The third way is the simplest and most important. See if you can do it.
No matter how old you are, there’s most likely a retirement looming in your future, and if you’re not financially prepared for it, you’re setting yourself up for a lot of stress and trouble. It’s true that this isn’t an urgent matter if you’re still only in your 20s or 30s, but young people who start saving for retirement early may be able to not only retire comfortably, but perhaps also retire early!
Here are three great ways to invest for retirement, no matter how old you are.
1. Invest regularly and effectively
Check out the table below, which shows what can be accomplished if you save and invest regularly and invest effectively.
GROWING AT 8% FOR | $7,000 INVESTED ANNUALLY | $15,000 INVESTED ANNUALLY |
---|---|---|
5 years | $44,351 | $95,039 |
10 years | $109,518 | $234,682 |
15 years | $205,270 | $439,864 |
20 years | $345,960 | $741,344 |
25 years | $552,681 | $1,184,316 |
30 years | $856,421 | $1,835,188 |
35 years | $1,302,715 | $2,791,532 |
40 years | $1,958,467 | $4,196,716 |
There’s no perfect sum to invest at any particular time. We all have different incomes and different abilities to sock money away. The table above shows what you might amass investing $7,000 or $15,000 annually (which is, respectively, $583 or $1,250 per month), but you might be able to invest much more or much less.
Also, the amount you can save and invest will likely change over time, too, as your earnings change. Aim to be fairly aggressive, because your earliest invested dollars are your most powerful ones, since they have the longest period in which to grow for you.
To invest effectively, aim to meet or beat the overall stock market’s average annual return with your long-term money. (Short-term money shouldn’t be in stocks, as the stock market can be volatile from year to year while growing in the long run.) Over many years, the stock market has averaged roughly 10%, though it can be more or less over the particular years in which you’re invested. (Thus, the table above assumes 8% annual growth.)
You can earn roughly the stock market’s return via one or more low-fee, broad-market index funds, such as the SPDR S&P 500 ETF (SPY), Vanguard Total Stock Market ETF (VTI), and Vanguard Total World Stock ETF (VT). Respectively, these will have you invested in 80% of the U.S. market, all of the U.S. market, or most of the world’s stock market.
If you want to try to beat the market, consider adding some growth stocks to your portfolio — but know that you’ll then have to keep up with them. Index funds require very little of your attention.
2. Invest using tax-advantaged accounts
Another great way to invest for retirement is to do so within tax-advantaged accounts such as IRAs and 401(k)s. Both come in two main varieties — traditional and Roth.
A traditional account receives pre-tax contributions, shrinking your taxable income and therefore your tax bill for the year of the contribution. A Roth account, on the other hand, is funded with your post-tax money, so your taxable income and tax bill will be unchanged. Here’s what’s great about Roth accounts, though: If you play by the rules, all your withdrawals in retirement can be tax-free. That can be a big deal.

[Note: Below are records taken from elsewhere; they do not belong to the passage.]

lemma defect_M_lower:
  assumes "imprecise_copula A B" "0 \<le> x" "x \<le> 1" "0 \<le> y" "y \<le> 1"
  shows "A x y - B x y \<le> defect_M A x y"
  using imprecise_copula_vol_lower[OF assms(1)] assms by (simp add: le_defect_M_iff)

lemma defect_M_boundary:
  assumes "imprecise_copula A B" "0 \<le> x" "x \<le> 1" "0 \<le> y" "y \<le> 1"
    and "x = 0 \<or> x = 1 \<or> y = 0 \<or> y = 1"
  shows "defect_M A x y = 0"
proof -
  have "quasi_copula A"
    using assms(1) by (rule imprecise_copula_quasi_copula)
  then have "0 \<le> defect_M A x y"
    using assms unfolding le_defect_M_iff[OF assms(1-5)] quasi_copula_def by auto
  then show ?thesis
    using defect_M_nonpos[OF assms(1-5)] by simp
qed

lemma defect_M_add_le_SE:
  assumes ic: "imprecise_copula A B"
    and r: "0 \<le> s1" "s1 \<le> s2" "s2 \<le> 1" "0 \<le> t1" "t1 \<le> t2" "t2 \<le> 1"
  shows "defect_M A s1 t1 + defect_M A s2 t2 \<le> vol A s1 s2 t1 t2 + defect_M A s2 t1"
proof -
  let ?c = "defect_M A s1 t1 + defect_M A s2 t2 - vol A s1 s2 t1 t2"
  have corner: "0 \<le> s2" "t1 \<le> 1"
    using r by auto
  have "?c \<le> defect_M A s2 t1"
    unfolding le_defect_M_iff[OF ic corner(1) r(3) r(4) corner(2)]
  proof (intro conjI allI impI)
    fix u v assume h: "s2 \<le> u \<and> u \<le> 1 \<and> t1 \<le> v \<and> v \<le> 1"
    show "?c \<le> vol A s2 u t1 v"
    proof (cases "t2 \<le> v")
      case True
      have "defect_M A s1 t1 \<le> vol A s1 u t1 t2" "defect_M A s2 t2 \<le> vol A s2 u t2 v"
        using r h True by (auto intro!: defect_M_le_vol_NE[OF ic])
      then show ?thesis by (simp add: vol_def)
    next
      case False
      have "defect_M A s1 t1 \<le> vol A s1 u t1 v" "defect_M A s2 t2 \<le> vol A s1 s2 v t2"
        using r h False by (auto intro: defect_M_le_vol_NE[OF ic] defect_M_le_vol_SW[OF ic])
      then show ?thesis by (simp add: vol_def)
    qed
  next
    fix u v assume h: "0 \<le> u \<and> u \<le> s2 \<and> 0 \<le> v \<and> v \<le> t1"
    show "?c \<le> vol A u s2 v t1"
    proof (cases "u \<le> s1")
      case True
      have "defect_M A s1 t1 \<le> vol A u s1 v t1" "defect_M A s2 t2 \<le> vol A s1 s2 v t2"
        using r h True by (auto intro!: defect_M_le_vol_SW[OF ic])
      then show ?thesis by (simp add: vol_def)
    next
      case False
      have "defect_M A s1 t1 \<le> vol A s1 u t1 t2" "defect_M A s2 t2 \<le> vol A u s2 v t2"
        using r h False by (auto intro: defect_M_le_vol_NE[OF ic] defect_M_le_vol_SW[OF ic])
      then show ?thesis by (simp add: vol_def)
    qed
  qed
  then show ?thesis by simp
qed

lemma imprecise_copula_transpose:
  assumes "imprecise_copula A B"
  shows "imprecise_copula (\<lambda>x y. A y x) (\<lambda>x y. B y x)"
proof -
  have "grounded A" "neutral_one A" "grounded B" "neutral_one B"
    using assms unfolding imprecise_copula_def by auto
  moreover have "\<forall>s1 s2 t1 t2. 0 \<le> s1 \<and> s1 \<le> s2 \<and> s2 \<le> 1 \<and> 0 \<le> t1 \<and> t1 \<le> t2 \<and> t2 \<le> 1 \<longrightarrow>
      A t1 s1 + B t2 s2 - A t1 s2 - A t2 s1 \<ge> 0 \<and>
      B t1 s1 + A t2 s2 - A t1 s2 - A t2 s1 \<ge> 0 \<and>
      B t1 s1 + B t2 s2 - B t1 s2 - A t2 s1 \<ge> 0 \<and>
      B t1 s1 + B t2 s2 - A t1 s2 - B t2 s1 \<ge> 0"
  proof (intro allI impI)
    fix s1 s2 t1 t2 :: real
    assume "0 \<le> s1 \<and> s1 \<le> s2 \<and> s2 \<le> 1 \<and> 0 \<le> t1 \<and> t1 \<le> t2 \<and> t2 \<le> 1"
    then show "A t1 s1 + B t2 s2 - A t1 s2 - A t2 s1 \<ge> 0 \<and>
      B t1 s1 + A t2 s2 - A t1 s2 - A t2 s1 \<ge> 0 \<and>
      B t1 s1 + B t2 s2 - B t1 s2 - A t2 s1 \<ge> 0 \<and>
      B t1 s1 + B t2 s2 - A t1 s2 - B t2 s1 \<ge> 0"
      using imprecise_copulaD[OF assms, of t1 t2 s1 s2] by linarith
  qed
  ultimately show ?thesis
    unfolding imprecise_copula_def grounded_def neutral_one_def by blast
qed

lemma vol_transpose: "vol (\<lambda>x y. Q y x) s1 s2 t1 t2 = vol Q t1 t2 s1 s2"
  by (simp add: vol_def)

lemma defect_M_transpose: "defect_M (\<lambda>x y. Q y x) x y = defect_M Q y x"
proof -
  have "{vol Q y t x s | s t. x \<le> s \<and> s \<le> 1 \<and> y \<le> t \<and> t \<le> 1} =
      {vol Q y s x t | s t. y \<le> s \<and> s \<le> 1 \<and> x \<le> t \<and> t \<le> 1}"
    "{vol Q t y s x | s t. 0 \<le> s \<and> s \<le> x \<and> 0 \<le> t \<and> t \<le> y} =
      {vol Q s y t x | s t. 0 \<le> s \<and> s \<le> y \<and> 0 \<le> t \<and> t \<le> x}"
    by blast+
  then show ?thesis
    unfolding defect_M_def defect_NE_def defect_SW_def vol_transpose[of Q] by (simp add: min.commute)
qed

lemma defect_M_add_le_NW:
  assumes "imprecise_copula A B" "0 \<le> s1" "s1 \<le> s2" "s2 \<le> 1" "0 \<le> t1" "t1 \<le> t2" "t2 \<le> 1"
  shows "defect_M A s1 t1 + defect_M A s2 t2 \<le> vol A s1 s2 t1 t2 + defect_M A s1 t2"
  using defect_M_add_le_SE[OF imprecise_copula_transpose[OF assms(1)] assms(5-7,2-4)]
  by (simp add: defect_M_transpose[of A] vol_transpose[of A])

lemma imprecise_copula_Q_M:
  assumes ic: "imprecise_copula A B"
  shows "imprecise_copula A (Q_M A)"
  unfolding imprecise_copula_def
proof (intro conjI allI impI)
  have "grounded A" "neutral_one A"
    using ic unfolding imprecise_copula_def by auto
  then show "grounded A" "neutral_one A" "grounded (Q_M A)" "neutral_one (Q_M A)"
    using defect_M_boundary[OF ic] unfolding grounded_def neutral_one_def Q_M_def by auto
  fix s1 s2 t1 t2 :: real
  assume "0 \<le> s1 \<and> s1 \<le> s2 \<and> s2 \<le> 1 \<and> 0 \<le> t1 \<and> t1 \<le> t2 \<and> t2 \<le> 1"
  then have r: "0 \<le> s1" "s1 \<le> s2" "s2 \<le> 1" "0 \<le> t1" "t1 \<le> t2" "t2 \<le> 1"
    by auto
  have "defect_M A s2 t2 \<le> vol A s1 s2 t1 t2" "defect_M A s1 t1 \<le> vol A s1 s2 t1 t2"
    using r by (auto intro: defect_M_le_vol_SW[OF ic] defect_M_le_vol_NE[OF ic])
  with defect_M_add_le_SE[OF ic r] defect_M_add_le_NW[OF ic r]
  show "A s1 t1 + Q_M A s2 t2 - A s2 t1 - A s1 t2 \<ge> 0"
    and "Q_M A s1 t1 + A s2 t2 - A s2 t1 - A s1 t2 \<ge> 0"
    and "Q_M A s1 t1 + Q_M A s2 t2 - Q_M A s2 t1 - A s1 t2 \<ge> 0"
    and "Q_M A s1 t1 + Q_M A s2 t2 - A s2 t1 - Q_M A s1 t2 \<ge> 0"
    by (simp_all add: Q_M_def vol_def)
qed

lemma Q_M_bounds:
  assumes "imprecise_copula A B" "0 \<le> x" "x \<le> 1" "0 \<le> y" "y \<le> 1"
  shows "A x y \<le> Q_M A x y" "Q_M A x y \<le> B x y"
  using defect_M_nonpos[OF assms] defect_M_lower[OF assms] by (simp_all add: Q_M_def)

definition reflect_snd :: "(real \<Rightarrow> real \<Rightarrow> real) \<Rightarrow> real \<Rightarrow> real \<Rightarrow> real" where
  "reflect_snd Q x y = x - Q x (1 - y)"

lemma reflect_snd_reflect_snd [simp]: "reflect_snd (reflect_snd Q) = Q"
  by (simp add: reflect_snd_def fun_eq_iff)

lemma vol_reflect_snd: "vol (reflect_snd Q) s1 s2 t1 t2 = vol Q s1 s2 (1 - t2) (1 - t1)"
  by (simp add: vol_def reflect_snd_def)

lemma imprecise_copula_reflect_snd:
  assumes "imprecise_copula A B"
  shows "imprecise_copula (reflect_snd B) (reflect_snd A)"
proof -
  have "grounded A" "neutral_one A" "grounded B" "neutral_one B"
    using assms unfolding imprecise_copula_def by auto
  then have "grounded (reflect_snd Q) \<and> neutral_one (reflect_snd Q)" if "Q = A \<or> Q = B" for Q
    using that unfolding grounded_def neutral_one_def reflect_snd_def by auto
  moreover have "\<forall>s1 s2 t1 t2. 0 \<le> s1 \<and> s1 \<le> s2 \<and> s2 \<le> 1 \<and> 0 \<le> t1 \<and> t1 \<le> t2 \<and> t2 \<le> 1 \<longrightarrow>
      reflect_snd B s1 t1 + reflect_snd A s2 t2 - reflect_snd B s2 t1 - reflect_snd B s1 t2 \<ge> 0 \<and>
      reflect_snd A s1 t1 + reflect_snd B s2 t2 - reflect_snd B s2 t1 - reflect_snd B s1 t2 \<ge> 0 \<and>
      reflect_snd A s1 t1 + reflect_snd A s2 t2 - reflect_snd A s2 t1 - reflect_snd B s1 t2 \<ge> 0 \<and>
      reflect_snd A s1 t1 + reflect_snd A s2 t2 - reflect_snd B s2 t1 - reflect_snd A s1 t2 \<ge> 0"
  proof (intro allI impI)
    fix s1 s2 t1 t2 :: real
    assume "0 \<le> s1 \<and> s1 \<le> s2 \<and> s2 \<le> 1 \<and> 0 \<le> t1 \<and> t1 \<le> t2 \<and> t2 \<le> 1"
    then show "reflect_snd B s1 t1 + reflect_snd A s2 t2 - reflect_snd B s2 t1 - reflect_snd B s1 t2 \<ge> 0 \<and>
      reflect_snd A s1 t1 + reflect_snd B s2 t2 - reflect_snd B s2 t1 - reflect_snd B s1 t2 \<ge> 0 \<and>
      reflect_snd A s1 t1 + reflect_snd A s2 t2 - reflect_snd A s2 t1 - reflect_snd B s1 t2 \<ge> 0 \<and>
      reflect_snd A s1 t1 + reflect_snd A s2 t2 - reflect_snd B s2 t1 - reflect_snd A s1 t2 \<ge> 0"
      using imprecise_copulaD[OF assms, of s1 s2 "1 - t2" "1 - t1"]
      unfolding reflect_snd_def by linarith
  qed
  ultimately show ?thesis
    unfolding imprecise_copula_def by blast
qed

lemma defect_M_reflect_snd: "defect_M (reflect_snd Q) x y = defect_O Q x (1 - y)"
proof -
  have "{vol Q x s (1 - t) (1 - y) | s t. x \<le> s \<and> s \<le> 1 \<and> y \<le> t \<and> t \<le> 1} =
      {vol Q x s t (1 - y) | s t. x \<le> s \<and> s \<le> 1 \<and> 0 \<le> t \<and> t \<le> 1 - y}"
    "{vol Q s x (1 - y) (1 - t) | s t. 0 \<le> s \<and> s \<le> x \<and> 0 \<le> t \<and> t \<le> y} =
      {vol Q s x (1 - y) t | s t. 0 \<le> s \<and> s \<le> x \<and> 1 - y \<le> t \<and> t \<le> 1}"
    by (auto; rule_tac x = s in exI, rule_tac x = "1 - t" in exI, simp)+
  then show ?thesis
    unfolding defect_M_def defect_O_def defect_NE_def defect_SW_def defect_NW_def defect_SE_def
      vol_reflect_snd by (simp add: min.commute)
qed

lemma Q_M_reflect_snd: "Q_M (reflect_snd Q) = reflect_snd (Q_O Q)"
  by (simp add: fun_eq_iff Q_M_def Q_O_def reflect_snd_def defect_M_reflect_snd)

lemma imprecise_copula_Q_O:
  assumes "imprecise_copula A B"
  shows "imprecise_copula (Q_O B) B"
  using imprecise_copula_reflect_snd[OF imprecise_copula_Q_M[OF imprecise_copula_reflect_snd[OF assms]]]
  by (simp add: Q_M_reflect_snd)

lemma Q_O_bounds:
  assumes "imprecise_copula A B" "0 \<le> x" "x \<le> 1" "0 \<le> y" "y \<le> 1"
  shows "A x y \<le> Q_O B x y" "Q_O B x y \<le> B x y"
  using Q_M_bounds[OF imprecise_copula_reflect_snd[OF assms(1)], of x "1 - y"] assms(2-5)
  by (simp_all add: Q_M_reflect_snd reflect_snd_def)

theorem mainTheorem8:
  fixes A B :: "real \<Rightarrow> real \<Rightarrow> real"
  assumes "imprecise_copula A B"
  shows "imprecise_copula A (Q_M A) \<and> imprecise_copula (Q_O B) B \<and>
    (\<forall>x\<in>{0..1}. \<forall>y\<in>{0..1}.
       A x y \<le> Q_M A x y \<and> Q_M A x y \<le> B x y \<and>
       A x y \<le> Q_O B x y \<and> Q_O B x y \<le> B x y)"
  using imprecise_copula_Q_M[OF assms] imprecise_copula_Q_O[OF assms]
    Q_M_bounds[OF assms] Q_O_bounds[OF assms] by auto

end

Imagine, for example, that you retire with a Roth IRA account worth $500,000. You’d be able to use every dollar in retirement without paying any of it in taxes. Read up on these accounts before focusing on Roth ones, though, as traditional accounts make sense for some people.

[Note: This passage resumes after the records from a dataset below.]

lemma cpoly_ratio_ancestor:
  assumes "u \<in> desc p w" and "s \<in> desc' p u" and "x \<in> desc' p u" and "Im z \<noteq> 0"
  shows "cpoly (P w s) z / cpoly (P w x) z = cpoly (P u s) z / cpoly (P u x) z"
proof -
  obtain F where F: "\<And>t. t \<in> desc' p u \<Longrightarrow> P w t = F * P u t"
    using P_ancestor_factor[OF assms(1)] by blast
  have "u \<in> desc' p w" using assms(1) desc_subset_desc' by blast
  hence "cpoly (P w u) z \<noteq> 0" using herglotz_vertexD(3)[OF herglotz_vertex _ assms(4)] by blast
  hence "cpoly F z \<noteq> 0" using F[OF self_in_desc'] by auto
  thus ?thesis using F[OF assms(2)] F[OF assms(3)] by simp
qed

text \<open>At a vertex \<open>s\<close>, \<open>v s\<close> is \<open>P w s\<close> rescaled to take the value \<open>P x x\<close> at \<open>x\<close>,
  for any ancestor \<open>w\<close> of \<open>x\<close> whose subtree contains \<open>s\<close>; by \<open>cpoly_ratio_ancestor\<close>
  the choice of \<open>w\<close> does not matter.\<close>

lemma eigenvector_extending_P:
  assumes z: "Im z \<noteq> 0"
  obtains v where "v \<noteq> (\<lambda>_. 0)" and "\<And>u. Jac p lam beta v u = z * v u"
    and "\<And>t. t \<in> desc' p x \<Longrightarrow> v t = cpoly (P x t) z"
proof -
  define anc where "anc k = (p ^^ k) x" for k
  define R where "R k s = cpoly (P (anc k) s) z / cpoly (P (anc k) x) z" for k s
  have ancestor: "anc k \<in> desc p (anc K)" if "k \<le> K" for k K
  proof -
    have "(p ^^ (K - k)) (anc k) = (p ^^ (K - k + k)) x" by (simp add: anc_def funpow_add)
    hence "(p ^^ (K - k)) (anc k) = anc K" using that by (simp add: anc_def)
    thus ?thesis by (auto simp: desc_def)
  qed
  have x_below: "x \<in> desc' p (anc k)" for k
    using desc_subset_desc' by (auto simp: desc_def anc_def)
  have R_stable: "R K s = R k s" if "k \<le> K" and "s \<in> desc' p (anc k)" for k K s
    unfolding R_def using cpoly_ratio_ancestor[OF ancestor[OF that(1)] that(2) x_below z] .
  have covered: "\<exists>k. s \<in> desc p (anc k)" for s
    using common_ancestor[of s x] by (auto simp: desc_def anc_def)
  define v where "v s = cpoly (P x x) z * R (SOME k. s \<in> desc p (anc k)) s" for s
  have v: "v s = cpoly (P x x) z * R K s" if "s \<in> desc' p (anc K)" for s K
  proof -
    define k where "k = (SOME k. s \<in> desc p (anc k))"
    have "s \<in> desc' p (anc k)"
      unfolding k_def using someI_ex[OF covered] desc_subset_desc' by blast
    thus ?thesis using R_stable that by (cases "k \<le> K") (auto simp: v_def simp flip: k_def)
  qed
  have eigen: "Jac p lam beta v u = z * v u" for u
  proof -
    obtain K where K: "u \<in> desc p (anc K)" using covered by blast
    let ?E = "\<lambda>t. cpoly (P (anc K) t) z"
    define c where "c = cpoly (P x x) z / ?E x"
    have vt: "v t = c * ?E t" if "t \<in> desc' p u" for t
      using v[of t K] desc'_mono[OF K] that by (auto simp: R_def c_def)
    obtain F where "\<And>t. t \<in> desc' p u \<Longrightarrow> P (anc K) t = F * P u t"
      using P_ancestor_factor[OF K] by blast
    hence rec: "of_real (lam u) * ?E (p u) + of_real (beta u) * ?E u
      + (\<Sum>y\<in>children p u. of_real (lam y) * ?E y) = z * ?E u"
      by (rule cpoly_recurrence)
    have "(\<Sum>y\<in>children p u. of_real (lam y) * v y) = c * (\<Sum>y\<in>children p u. of_real (lam y) * ?E y)"
      unfolding sum_distrib_left by (rule sum.cong) (simp_all add: vt child_in_desc')
    hence "Jac p lam beta v u = c * (of_real (lam u) * ?E (p u) + of_real (beta u) * ?E u
      + (\<Sum>y\<in>children p u. of_real (lam y) * ?E y))"
      unfolding Jac_def by (simp add: vt distrib_left)
    thus ?thesis unfolding rec by (simp add: vt)
  qed
  have extends: "v t = cpoly (P x t) z" if "t \<in> desc' p x" for t
    using v[of t 0] that herglotz_vertexD(3)[OF herglotz_vertex self_in_desc' z]
    by (simp add: anc_def R_def)
  have "v x \<noteq> 0"
    using extends[OF self_in_desc'] herglotz_vertexD(3)[OF herglotz_vertex self_in_desc' z] by simp
  hence "v \<noteq> (\<lambda>_. 0)" by auto
  from that[OF this eigen extends] show thesis .
qed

Many 401(k) plans let you put some or all of your money in index funds, so see if you can do so. If your employer matches contributions to any degree, aim to contribute enough to max out that match, as it’s free money. And remember to try to increase your contributions from year to year, too, as you’re able.
3. Invest with much patience
This last best way to invest for retirement may be simple, but it’s actually the most important one: Be patient. Remember that impressive table of potential earnings up top? Those big numbers only happen if you stick with it over many years, through good and bad times, healthy and ailing economies, market downturns and market upturns.
So don’t let yourself get discouraged and stop investing. If you think you might, read up more on investing in order to develop more confidence in your plan. If you’re really diligent, you can build yourself a very comfortable and financially secure future.